(Task description)
Of the lines below, write out exactly those from the line with "(* Coefficient arrays: c" through the line with "nat \<Rightarrow> nat \<Rightarrow> nat", both included, and skip the rest.

[Opening Provided material section]

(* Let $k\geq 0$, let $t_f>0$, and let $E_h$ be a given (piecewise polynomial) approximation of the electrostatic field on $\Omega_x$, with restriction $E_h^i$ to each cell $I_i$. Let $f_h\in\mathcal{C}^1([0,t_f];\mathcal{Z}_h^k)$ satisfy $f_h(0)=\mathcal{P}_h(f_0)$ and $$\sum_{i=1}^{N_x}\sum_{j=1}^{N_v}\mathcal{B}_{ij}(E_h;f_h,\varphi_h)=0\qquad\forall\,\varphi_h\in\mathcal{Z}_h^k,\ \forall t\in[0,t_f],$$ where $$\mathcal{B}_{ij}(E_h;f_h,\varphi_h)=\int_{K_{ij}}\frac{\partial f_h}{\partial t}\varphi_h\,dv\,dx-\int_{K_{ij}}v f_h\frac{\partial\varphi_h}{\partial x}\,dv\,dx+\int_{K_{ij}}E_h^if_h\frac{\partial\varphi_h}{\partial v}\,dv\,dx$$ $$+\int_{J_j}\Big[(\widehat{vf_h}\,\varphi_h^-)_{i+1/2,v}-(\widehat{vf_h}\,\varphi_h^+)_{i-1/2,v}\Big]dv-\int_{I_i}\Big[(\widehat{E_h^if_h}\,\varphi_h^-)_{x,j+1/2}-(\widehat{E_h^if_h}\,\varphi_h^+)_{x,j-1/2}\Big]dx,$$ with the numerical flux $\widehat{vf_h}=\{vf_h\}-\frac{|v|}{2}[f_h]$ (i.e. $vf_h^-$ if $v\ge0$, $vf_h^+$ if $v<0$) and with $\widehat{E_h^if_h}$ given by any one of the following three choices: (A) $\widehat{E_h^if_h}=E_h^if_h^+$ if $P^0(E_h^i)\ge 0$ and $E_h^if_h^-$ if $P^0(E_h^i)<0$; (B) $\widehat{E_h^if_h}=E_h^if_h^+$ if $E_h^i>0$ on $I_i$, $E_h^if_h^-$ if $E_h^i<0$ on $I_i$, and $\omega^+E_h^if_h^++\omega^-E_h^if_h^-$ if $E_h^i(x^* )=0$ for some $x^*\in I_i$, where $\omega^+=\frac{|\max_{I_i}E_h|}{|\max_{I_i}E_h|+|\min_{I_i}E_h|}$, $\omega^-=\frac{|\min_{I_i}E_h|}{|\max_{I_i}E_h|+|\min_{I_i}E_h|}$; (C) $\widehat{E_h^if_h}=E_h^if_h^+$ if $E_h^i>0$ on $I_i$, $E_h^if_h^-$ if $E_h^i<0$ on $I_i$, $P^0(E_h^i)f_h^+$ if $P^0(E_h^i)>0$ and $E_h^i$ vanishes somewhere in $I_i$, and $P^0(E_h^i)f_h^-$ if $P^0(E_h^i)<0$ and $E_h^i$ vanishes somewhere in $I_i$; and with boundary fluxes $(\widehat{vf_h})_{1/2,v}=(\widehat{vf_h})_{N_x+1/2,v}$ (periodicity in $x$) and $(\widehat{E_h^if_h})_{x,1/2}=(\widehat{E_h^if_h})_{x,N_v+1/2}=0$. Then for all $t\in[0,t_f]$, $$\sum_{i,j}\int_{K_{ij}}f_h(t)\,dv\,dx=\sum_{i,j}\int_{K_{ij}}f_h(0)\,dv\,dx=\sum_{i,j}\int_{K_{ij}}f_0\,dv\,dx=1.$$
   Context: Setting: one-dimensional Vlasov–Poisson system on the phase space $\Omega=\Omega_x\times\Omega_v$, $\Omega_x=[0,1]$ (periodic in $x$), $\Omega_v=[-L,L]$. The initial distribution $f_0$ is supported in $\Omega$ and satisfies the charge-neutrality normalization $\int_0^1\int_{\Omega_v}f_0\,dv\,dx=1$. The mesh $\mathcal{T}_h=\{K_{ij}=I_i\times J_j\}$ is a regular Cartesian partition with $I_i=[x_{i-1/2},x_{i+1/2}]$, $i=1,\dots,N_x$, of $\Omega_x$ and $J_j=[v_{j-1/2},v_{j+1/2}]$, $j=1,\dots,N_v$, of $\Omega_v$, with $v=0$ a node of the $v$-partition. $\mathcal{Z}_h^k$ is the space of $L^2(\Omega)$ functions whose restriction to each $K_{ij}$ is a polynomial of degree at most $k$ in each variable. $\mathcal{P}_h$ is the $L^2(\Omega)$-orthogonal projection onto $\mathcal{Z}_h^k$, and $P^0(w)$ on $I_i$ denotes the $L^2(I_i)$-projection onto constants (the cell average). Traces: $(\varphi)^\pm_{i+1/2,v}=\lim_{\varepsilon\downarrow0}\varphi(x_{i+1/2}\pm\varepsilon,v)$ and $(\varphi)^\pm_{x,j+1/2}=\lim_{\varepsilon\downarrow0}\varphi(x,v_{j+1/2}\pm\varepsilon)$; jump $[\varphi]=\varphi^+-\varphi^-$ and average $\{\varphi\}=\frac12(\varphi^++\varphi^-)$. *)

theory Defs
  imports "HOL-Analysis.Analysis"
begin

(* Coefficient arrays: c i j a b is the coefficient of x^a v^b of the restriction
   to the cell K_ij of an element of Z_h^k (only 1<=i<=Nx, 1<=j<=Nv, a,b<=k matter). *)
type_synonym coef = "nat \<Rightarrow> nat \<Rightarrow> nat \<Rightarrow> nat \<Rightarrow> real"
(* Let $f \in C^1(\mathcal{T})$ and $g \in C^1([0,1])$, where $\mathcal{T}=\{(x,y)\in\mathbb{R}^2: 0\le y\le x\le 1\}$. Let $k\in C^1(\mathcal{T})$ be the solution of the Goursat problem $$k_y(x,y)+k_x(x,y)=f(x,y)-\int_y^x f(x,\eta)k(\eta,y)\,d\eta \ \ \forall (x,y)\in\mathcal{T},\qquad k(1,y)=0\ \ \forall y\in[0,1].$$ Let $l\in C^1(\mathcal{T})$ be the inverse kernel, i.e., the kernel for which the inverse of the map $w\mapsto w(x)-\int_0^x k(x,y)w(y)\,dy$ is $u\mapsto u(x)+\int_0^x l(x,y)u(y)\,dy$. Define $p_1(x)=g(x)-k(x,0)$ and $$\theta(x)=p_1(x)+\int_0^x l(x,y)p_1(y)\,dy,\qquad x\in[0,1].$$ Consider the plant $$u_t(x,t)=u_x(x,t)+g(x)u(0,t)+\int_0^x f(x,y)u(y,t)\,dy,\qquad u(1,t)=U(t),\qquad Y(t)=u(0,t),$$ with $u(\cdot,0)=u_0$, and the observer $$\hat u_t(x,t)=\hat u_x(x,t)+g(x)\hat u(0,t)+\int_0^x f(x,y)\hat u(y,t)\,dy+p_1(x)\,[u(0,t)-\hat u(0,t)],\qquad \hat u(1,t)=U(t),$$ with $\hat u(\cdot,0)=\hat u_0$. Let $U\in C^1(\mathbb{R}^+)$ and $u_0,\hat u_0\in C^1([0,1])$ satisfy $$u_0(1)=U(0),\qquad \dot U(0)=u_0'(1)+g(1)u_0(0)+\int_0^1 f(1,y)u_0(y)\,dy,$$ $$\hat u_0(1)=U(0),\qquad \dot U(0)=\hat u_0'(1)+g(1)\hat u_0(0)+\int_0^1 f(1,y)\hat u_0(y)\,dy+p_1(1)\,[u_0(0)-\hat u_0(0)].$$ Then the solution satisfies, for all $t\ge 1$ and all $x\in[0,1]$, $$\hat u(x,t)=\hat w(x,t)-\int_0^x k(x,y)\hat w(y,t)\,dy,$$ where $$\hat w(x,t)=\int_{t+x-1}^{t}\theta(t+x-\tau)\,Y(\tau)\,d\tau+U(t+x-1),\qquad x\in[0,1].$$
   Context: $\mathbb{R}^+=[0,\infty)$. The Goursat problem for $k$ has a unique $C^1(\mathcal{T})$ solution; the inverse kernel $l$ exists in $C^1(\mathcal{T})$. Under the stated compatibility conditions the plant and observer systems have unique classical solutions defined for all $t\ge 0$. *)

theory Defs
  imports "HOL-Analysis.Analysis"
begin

[Closing Provided material section]

(Expected answer)
(* Coefficient arrays: c i j a b is the coefficient of x^a v^b of the restriction
   to the cell K_ij of an element of Z_h^k (only 1<=i<=Nx, 1<=j<=Nv, a,b<=k matter). *)
type_synonym coef = "nat \<Rightarrow> nat \<Rightarrow> nat \<Rightarrow> nat \<Rightarrow> real"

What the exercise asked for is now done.